Of course, I’m guilty of the same thing so even as I was telling this person I was really trying to remind myself as well.
I have been through my share of bizarre and strange and hurtful relationships.
I had a friend who I grew up with. We were best friends from the days before puberty. She was my maid of honor and I was hers. We both baptized each other’s firstborns. Then suddenly she read something I wrote that she felt was directed 100% towards her (for the record, it really wasn’t but that is neither here nor there at this point) and she began to step further and further away from me. Of course, I had no idea I had hurt her with what I wrote so I continued to send her cards, emails, and messages on Facebook. Then she finally told me (she also told me that all those attempts on my part stressed her out because, get this, I was doing too much). Then we had a few email conversations and a couple of promises to get together that never panned out on her end (she didn’t call when she said she would, etc.). I told her the only way to move forward was to get all the pent up whatever out on the table and she just couldn’t do it. So, she let the relationship falter and die. Some days, I can hardly believe it. I mean, I considered her my sister and my kids called her aunt. She knows more about me than my husband. But I immediately cut off ties and deleted her from Facebook and stopped all correspondence with her. Strange. Makes me wonder just how good a friend we really were for each other if it all went poof over a couple of stupid sentences.
But she isn’t the only one.
I have a sister-in-law (she is married to my husband’s twin) who claimed we didn’t love my mother-in-law enough (yes, those were her strange observations because she judged us on how many trips we made from San Diego up to L.A. and I’m guessing it wasn’t the correct number in her I-Am-Now-God Book) that when she died they waited until she was cremated and buried before they informed us – in writing. When I gave her a piece of my mind she said she was tired of trying to figure me out and adios. Wha? That was eleven years ago.
Then there are those relationships that you are cordial to because you have to be but what do they really mean, exactly? I certainly don’t go out of my way and shouldn’t relationships be a two-way street? It can’t always be a one-way e-ticket (although a roller coaster sounds about right with some people!). You try and you call and you show you care but when the other person just clearly shows by their inactions that they don’t care, how much time and effort should those relationships take at the end of the day?
I don’t have answers to that.
I have several – more than I wish – of those types of relationships in my life. The ones where we could live five minutes away and still only see someone during the holidays. And no matter how often one calls or texts and get absolutely nothing in reply – how low does one need to beg for a relationship before you call yourself a complete putz and move the hell on?
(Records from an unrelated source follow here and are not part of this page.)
(* Let $n_1,n_2$ be distinct odd primes with $\gcd(n_1-1,n_2-1)=6$, $n=n_1n_2$, and let $D_0,\dots,D_5$ be the Whiteman generalized cyclotomic classes of order 6 modulo $n$ (see context). Let $q$ be a power of a prime $p$ with $\gcd(q,n)=1$ and let $\beta$ be a primitive $n$-th root of unity in an extension of $\mathrm{GF}(q)$. Let $N_1=\{n_1,2n_1,\dots,(n_2-1)n_1\}$ and $N_2=\{n_2,2n_2,\dots,(n_1-1)n_2\}$. Then for every $0\le j\le 5$, $$\sum_{i\in D_j}\beta^{ai}=\begin{cases}-\frac{n_1-1}{6}\bmod p, & a\in N_1,\\ -\frac{n_2-1}{6}\bmod p, & a\in N_2.\end{cases}$$
   Context: Let $e=(n_1-1)(n_2-1)/6$, $g$ a common primitive root of $n_1$ and $n_2$, $u$ an integer with $u\equiv g\pmod{n_1}$, $u\equiv 1\pmod{n_2}$, and $D_i=\{g^su^i\bmod n: s=0,\dots,e-1\}$ for $i=0,\dots,5$. An integer "mod $p$" denotes its image in the prime field $\mathrm{GF}(p)$. *)

theory Defs
  imports "HOL-Number_Theory.Number_Theory"
begin

definition whiteman_e :: "nat \<Rightarrow> nat \<Rightarrow> nat" where
  "whiteman_e n1 n2 = (n1 - 1) * (n2 - 1) div 6"

definition whiteman_class :: "nat \<Rightarrow> nat \<Rightarrow> nat \<Rightarrow> int \<Rightarrow> nat \<Rightarrow> nat set" where
  "whiteman_class n1 n2 g u i =
     {nat ((int g ^ s * u ^ i) mod int (n1 * n2)) | s. s < whiteman_e n1 n2}"

end

theory Submission imports Defs begin

text \<open>Let f s = g^s u^j mod n, so that D_j is the image of {..<e} under f. Modulo n1 we have
  f s \<equiv> g^(s+j) and modulo n2 we have f s \<equiv> g^s; since e = lcm (n1-1) (n2-1), f is injective
  on {..<e}. For a = t n1 the element \<delta> = \<beta>^a is a nontrivial n2-th root of unity, so \<delta>^(f s)
  only depends on g^s mod n2. As s runs through the e = (n1-1)/6 \<cdot> (n2-1) values, g^s mod n2
  runs (n1-1)/6 times through all of 1, ..., n2-1, and each round contributes
  \<delta> + ... + \<delta>^(n2-1) = -1. The case a = t n2 is symmetric, with the roles of g^(s+j) and g^s swapped.\<close>

lemma power_eq_power_mod:
  fixes x :: "'a::monoid_mult"
  assumes "x ^ r = 1"
  shows "x ^ k = x ^ (k mod r)"
proof -
  have "x ^ k = x ^ (r * (k div r) + k mod r)" by simp
  also have "\<dots> = x ^ (k mod r)" by (simp only: power_add power_mult assms power_one mult_1)
  finally show ?thesis .
qed

lemma sum_nontrivial_root_of_unity_powers:
  fixes \<delta> :: "'a::field"
  assumes "\<delta> ^ r = 1" "\<delta> \<noteq> 1" "0 < r"
  shows "(\<Sum>x\<in>{1..<r}. \<delta> ^ x) = -1"
proof -
  have "(\<Sum>x<r. \<delta> ^ x) = 0" using assms by (simp add: sum_gp_strict)
  moreover have "{..<r} = insert 0 {1..<r}" using assms by auto
  ultimately show ?thesis by (simp add: eq_neg_iff_add_eq_0 add.commute)
qed

lemma sum_lessThan_mult_periodic:
  fixes f :: "nat \<Rightarrow> 'a::semiring_1"
  assumes "\<And>s. f (s + d) = f s"
  shows "(\<Sum>s<c * d. f s) = of_nat c * (\<Sum>s<d. f s)"
proof -
  have periodic: "f (s + m * d) = f s" for m s
  proof (induction m)
    case (Suc m)
    have "f (s + Suc m * d) = f (s + m * d + d)" by (simp add: ac_simps)
    with Suc show ?case by (simp only: assms)
  qed simp
  have "(\<Sum>s\<in>{m * d..<m * d + d}. f s) = (\<Sum>s<d. f s)" for m
  proof -
    have "{m * d..<m * d + d} = {0 + m * d..<d + m * d}" by (simp add: add.commute)
    then show ?thesis
      by (simp only: sum.shift_bounds_nat_ivl atLeast0LessThan periodic)
  qed
  with sum.nat_group[of f d c, symmetric] show ?thesis by simp
qed

lemma primroot_powers_bij:
  assumes "prime r" "residue_primroot r h"
  shows "bij_betw (\<lambda>s. h ^ (s + j) mod r) {..<r - 1} {1..<r}"
proof -
  have cop: "coprime r h" and ord: "ord r h = r - 1"
    using assms by (auto simp: residue_primroot_def totient_prime)
  have inj: "inj_on (\<lambda>s. h ^ (s + j) mod r) {..<r - 1}"
  proof (rule inj_onI)
    fix x y assume "x \<in> {..<r - 1}" "y \<in> {..<r - 1}" "h ^ (x + j) mod r = h ^ (y + j) mod r"
    then have "[h ^ (x + j) = h ^ (y + j)] (mod r)" "x < r - 1" "y < r - 1"
      by (auto simp: cong_def)
    then have "[x = y] (mod r - 1)" "x < r - 1" "y < r - 1"
      using order_divides_expdiff[OF cop] ord by (auto simp: cong_add_rcancel_nat)
    then show "x = y" by (simp add: cong_def)
  qed
  have "h ^ (s + j) mod r \<in> {1..<r}" for s
  proof -
    have "\<not> r dvd h ^ (s + j)"
      using cop assms(1) by (metis coprime_absorb_left coprime_power_right_iff not_prime_unit)
    then show ?thesis using prime_gt_0_nat[OF assms(1)] by (auto simp: dvd_eq_mod_eq_0)
  qed
  then have "(\<lambda>s. h ^ (s + j) mod r) ` {..<r - 1} \<subseteq> {1..<r}" by auto
  moreover have "card ((\<lambda>s. h ^ (s + j) mod r) ` {..<r - 1}) = card {1..<r}"
    using card_image[OF inj] by simp
  ultimately show ?thesis
    using inj by (simp add: bij_betw_def card_subset_eq)
qed

lemma sum_power_cong_primroot_powers:
  fixes \<delta> :: "'a::field"
  assumes "prime r" "residue_primroot r h" "\<delta> ^ r = 1" "\<delta> \<noteq> 1"
    and F: "\<And>s. [F s = h ^ (s + j)] (mod r)"
  shows "(\<Sum>s<c * (r - 1). \<delta> ^ F s) = - of_nat c"
proof -
  define G where "G s = \<delta> ^ (h ^ (s + j) mod r)" for s
  have cop: "coprime r h" and ord: "ord r h = r - 1"
    using assms(1,2) by (auto simp: residue_primroot_def totient_prime)
  have F_G: "\<delta> ^ F s = G s" for s
    using power_eq_power_mod[OF assms(3), of "F s"] F[of s] by (simp add: G_def cong_def)
  have "[s + (r - 1) + j = s + j] (mod ord r h)" for s
    unfolding ord cong_def by (metis add.commute add.left_commute mod_add_self2)
  then have "[h ^ (s + (r - 1) + j) = h ^ (s + j)] (mod r)" for s
    using order_divides_expdiff[OF cop] by blast
  then have "G (s + (r - 1)) = G s" for s by (simp add: G_def cong_def)
  then have "(\<Sum>s<c * (r - 1). G s) = of_nat c * (\<Sum>s<r - 1. G s)"
    by (rule sum_lessThan_mult_periodic)
  also have "(\<Sum>s<r - 1. G s) = (\<Sum>x\<in>{1..<r}. \<delta> ^ x)"
    unfolding G_def using sum.reindex_bij_betw[OF primroot_powers_bij[OF assms(1,2)]] by blast
  also have "\<dots> = -1"
    using assms(1,3,4) prime_gt_0_nat by (blast intro: sum_nontrivial_root_of_unity_powers)
  finally show ?thesis by (simp add: F_G)
qed

lemma inj_on_cong_primroot_powers:
  assumes "residue_primroot r1 h" "residue_primroot r2 h"
    and "\<And>s. [F s = h ^ (s + j1)] (mod r1)" "\<And>s. [F s = h ^ (s + j2)] (mod r2)"
  shows "inj_on F {..<lcm (totient r1) (totient r2)}"
proof (rule inj_onI)
  fix x y assume x: "x \<in> {..<lcm (totient r1) (totient r2)}"
    and y: "y \<in> {..<lcm (totient r1) (totient r2)}" and "F x = F y"
  have "[x = y] (mod totient r)"
    if "residue_primroot r h" "\<And>s. [F s = h ^ (s + i)] (mod r)" for r i
  proof -
    have "[h ^ (x + i) = h ^ (y + i)] (mod r)"
      using that(2)[of x] that(2)[of y] \<open>F x = F y\<close> by (metis cong_sym cong_trans)
    then show ?thesis
      using that(1) order_divides_expdiff
      by (auto simp: residue_primroot_def cong_add_rcancel_nat)
  qed
  then have "[x = y] (mod lcm (totient r1) (totient r2))"
    using assms by (blast intro: cong_cong_lcm_nat)
  then show "x = y" using x y by (simp add: cong_def)
qed

lemma whiteman_class_eq_image:
  "whiteman_class n1 n2 g u i =
     (\<lambda>s. nat ((int g ^ s * u ^ i) mod int (n1 * n2))) ` {..<whiteman_e n1 n2}"
  by (auto simp: whiteman_class_def)

lemma cong_whiteman_class_elem:
  assumes "[u = int v] (mod int r)" "r dvd n" "0 < n"
  shows "[nat ((int g ^ s * u ^ i) mod int n) = g ^ s * v ^ i] (mod r)"
proof -
  define x where "x = (int g ^ s * u ^ i) mod int n"
  have "[x = int g ^ s * u ^ i] (mod int r)"
    using assms(2) by (simp add: x_def cong_def mod_mod_cancel)
  also have "[int g ^ s * u ^ i = int (g ^ s * v ^ i)] (mod int r)"
    using assms(1) by (simp add: cong_mult cong_pow)
  finally have "[int (nat x) = int (g ^ s * v ^ i)] (mod int r)"
    using assms(3) by (simp add: x_def)
  then show ?thesis by (simp only: x_def cong_int_iff)
qed

lemma whiteman_e_eq_lcm:
  assumes "gcd (n1 - 1) (n2 - 1) = 6"
  shows "whiteman_e n1 n2 = lcm (n1 - 1) (n2 - 1)"
proof -
  have "(n1 - 1) * (n2 - 1) = 6 * lcm (n1 - 1) (n2 - 1)"
    by (metis prod_gcd_lcm_nat assms)
  then show ?thesis by (simp add: whiteman_e_def)
qed

lemma whiteman_e_eq_mult:
  assumes "6 dvd n1 - 1"
  shows "whiteman_e n1 n2 = (n1 - 1) div 6 * (n2 - 1)"
    and "whiteman_e n2 n1 = (n1 - 1) div 6 * (n2 - 1)"
  using assms by (auto simp: whiteman_e_def dvd_def)

lemma sum_whiteman_class_powers:
  fixes \<delta> :: "'a::field"
  assumes "prime n1" "prime n2" "gcd (n1 - 1) (n2 - 1) = 6"
    and "residue_primroot n1 g" "residue_primroot n2 g"
    and "[u = int g] (mod int n1)" "[u = 1] (mod int n2)"
  shows "\<delta> ^ n2 = 1 \<Longrightarrow> \<delta> \<noteq> 1 \<Longrightarrow>
           (\<Sum>i\<in>whiteman_class n1 n2 g u j. \<delta> ^ i) = - of_nat ((n1 - 1) div 6)"
    and "\<delta> ^ n1 = 1 \<Longrightarrow> \<delta> \<noteq> 1 \<Longrightarrow>
           (\<Sum>i\<in>whiteman_class n1 n2 g u j. \<delta> ^ i) = - of_nat ((n2 - 1) div 6)"
proof -
  define f where "f = (\<lambda>s. nat ((int g ^ s * u ^ j) mod int (n1 * n2)))"
  have n_pos: "0 < n1 * n2" using assms(1,2) by (simp add: prime_gt_0_nat)
  have f_n1: "[f s = g ^ (s + j)] (mod n1)" for s
    using cong_whiteman_class_elem[OF assms(6) _ n_pos] by (simp add: f_def power_add)
  have f_n2: "[f s = g ^ (s + 0)] (mod n2)" for s
    using cong_whiteman_class_elem[of u 1 n2 "n1 * n2" g s j] assms(7) n_pos by (simp add: f_def)
  have class_eq: "whiteman_class n1 n2 g u j = f ` {..<whiteman_e n1 n2}"
    unfolding f_def by (rule whiteman_class_eq_image)
  have "inj_on f {..<whiteman_e n1 n2}"
    using inj_on_cong_primroot_powers[OF assms(4,5) f_n1 f_n2] assms(1-3)
    by (simp add: totient_prime whiteman_e_eq_lcm)
  then have sum_eq: "(\<Sum>i\<in>whiteman_class n1 n2 g u j. \<delta> ^ i) = (\<Sum>s<whiteman_e n1 n2. \<delta> ^ f s)"
    by (simp add: class_eq sum.reindex)
  have "6 dvd n1 - 1" "6 dvd n2 - 1" by (metis assms(3) gcd_dvd1 gcd_dvd2)+
  note e_eq = whiteman_e_eq_mult(1)[OF this(1)] whiteman_e_eq_mult(2)[OF this(2)]
  show "(\<Sum>i\<in>whiteman_class n1 n2 g u j. \<delta> ^ i) = - of_nat ((n1 - 1) div 6)"
    if "\<delta> ^ n2 = 1" "\<delta> \<noteq> 1"
    using sum_power_cong_primroot_powers[OF assms(2,5) that f_n2] by (simp add: sum_eq e_eq(1))
  show "(\<Sum>i\<in>whiteman_class n1 n2 g u j. \<delta> ^ i) = - of_nat ((n2 - 1) div 6)"
    if "\<delta> ^ n1 = 1" "\<delta> \<noteq> 1"
    using sum_power_cong_primroot_powers[OF assms(1,4) that f_n1] by (simp add: sum_eq e_eq(2))
qed

lemma primitive_root_power_nontrivial:
  fixes \<beta> :: "'a::monoid_mult"
  assumes "\<beta> ^ (d * r) = 1" "\<forall>t. 0 < t \<and> t < d * r \<longrightarrow> \<beta> ^ t \<noteq> 1"
    and "0 < d" "1 \<le> t" "t < r"
  shows "(\<beta> ^ (t * d)) ^ r = 1" "\<beta> ^ (t * d) \<noteq> 1"
proof -
  have "(\<beta> ^ (t * d)) ^ r = (\<beta> ^ (d * r)) ^ t" by (simp flip: power_mult add: ac_simps)
  then show "(\<beta> ^ (t * d)) ^ r = 1" using assms(1) by simp
  show "\<beta> ^ (t * d) \<noteq> 1" using assms(2-5) by (simp add: mult.commute)
qed

theorem lemma3:
  fixes n1 n2 g p q k m j a :: nat and u :: int and \<beta> :: "'a :: {field, finite}"
  assumes "prime n1" "prime n2" "odd n1" "odd n2" "n1 \<noteq> n2"
    and "gcd (n1 - 1) (n2 - 1) = 6"
    and "residue_primroot n1 g" "residue_primroot n2 g"
    and "[u = int g] (mod int n1)" "[u = 1] (mod int n2)"
    and "prime p" "k \<ge> 1" "q = p ^ k" "coprime q (n1 * n2)"
    and "m \<ge> 1" "card (UNIV :: 'a set) = q ^ m" "CHAR('a) = p"
    and "\<beta> ^ (n1 * n2) = 1" "\<forall>t. 0 < t \<and> t < n1 * n2 \<longrightarrow> \<beta> ^ t \<noteq> 1"
    and "j \<le> 5"
  shows "(a \<in> {t * n1 | t. 1 \<le> t \<and> t \<le> n2 - 1} \<longrightarrow>
            (\<Sum>i\<in>whiteman_class n1 n2 g u j. \<beta> ^ (a * i)) = - of_nat ((n1 - 1) div 6))
       \<and> (a \<in> {t * n2 | t. 1 \<le> t \<and> t \<le> n1 - 1} \<longrightarrow>
            (\<Sum>i\<in>whiteman_class n1 n2 g u j. \<beta> ^ (a * i)) = - of_nat ((n2 - 1) div 6))"
proof -
  have n1_pos: "0 < n1" and n2_pos: "0 < n2" using assms(1,2) by (simp_all add: prime_gt_0_nat)
  note class_sums = sum_whiteman_class_powers[OF assms(1,2,6-10), of "\<beta> ^ a"]
  show ?thesis
  proof (intro conjI impI)
    assume "a \<in> {t * n1 | t. 1 \<le> t \<and> t \<le> n2 - 1}"
    then obtain t where "a = t * n1" "1 \<le> t" "t < n2" using n2_pos by fastforce
    then have "(\<beta> ^ a) ^ n2 = 1" "\<beta> ^ a \<noteq> 1"
      using primitive_root_power_nontrivial[OF assms(18,19) n1_pos] by simp_all
    then show "(\<Sum>i\<in>whiteman_class n1 n2 g u j. \<beta> ^ (a * i)) = - of_nat ((n1 - 1) div 6)"
      unfolding power_mult by (rule class_sums(1))
  next
    assume "a \<in> {t * n2 | t. 1 \<le> t \<and> t \<le> n1 - 1}"
    then obtain t where "a = t * n2" "1 \<le> t" "t < n1" using n1_pos by fastforce
    moreover have "\<beta> ^ (n2 * n1) = 1" using assms(18) by (simp add: mult.commute)
    ultimately have "(\<beta> ^ a) ^ n1 = 1" "\<beta> ^ a \<noteq> 1"
      using primitive_root_power_nontrivial[of \<beta> n2 n1 t] assms(19) n2_pos
      by (simp_all add: mult.commute)
    then show "(\<Sum>i\<in>whiteman_class n1 n2 g u j. \<beta> ^ (a * i)) = - of_nat ((n2 - 1) div 6)"
      unfolding power_mult by (rule class_sums(2))
  qed
qed

end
I’ve had relationships end with friends over the years that fall into the category of convenience (we were neighbors, say, and when we weren’t any longer the relationship just wasn’t the same). Some change because we change. Not good or bad and no big argument or fight but we just drift and head into different directions and are following a different path than the one traveled on before, together. Some relationships end because I do believe they were put on your path for only the time they served and then when the purpose no longer existed, the relationships ceased.
I have a friend who lives in my subdivision and we met because our kids were in the same class and we both hailed from the southern California region and moved to Idaho around the same time. I don’t always talk to her. Life gets busy for both of us and sometimes she calls and I don’t immediately return her call. She still has a flip phone and she isn’t on Facebook (what the hell? I tell her all the time we need to move her into the new millennium) so she doesn’t text. But the minute one of us calls the other we are connected and plugged in and she is someone I can call after months of driving by her house and promising myself that I will remember to call her today – and ask for a favor or ask her a question or just call to say I was thinking of her and we will end up talking for an hour.
As I was telling that someone before about loving the ones that are near – I am working on that at the moment and trying to let go of the relationships that have fallen to the side of the road – much to my sadness.
All relationships take time. It takes a two-way street. It takes love and patience and forgiveness. And sometimes it just takes closing the book and leaving the unhappy ending the way it was written.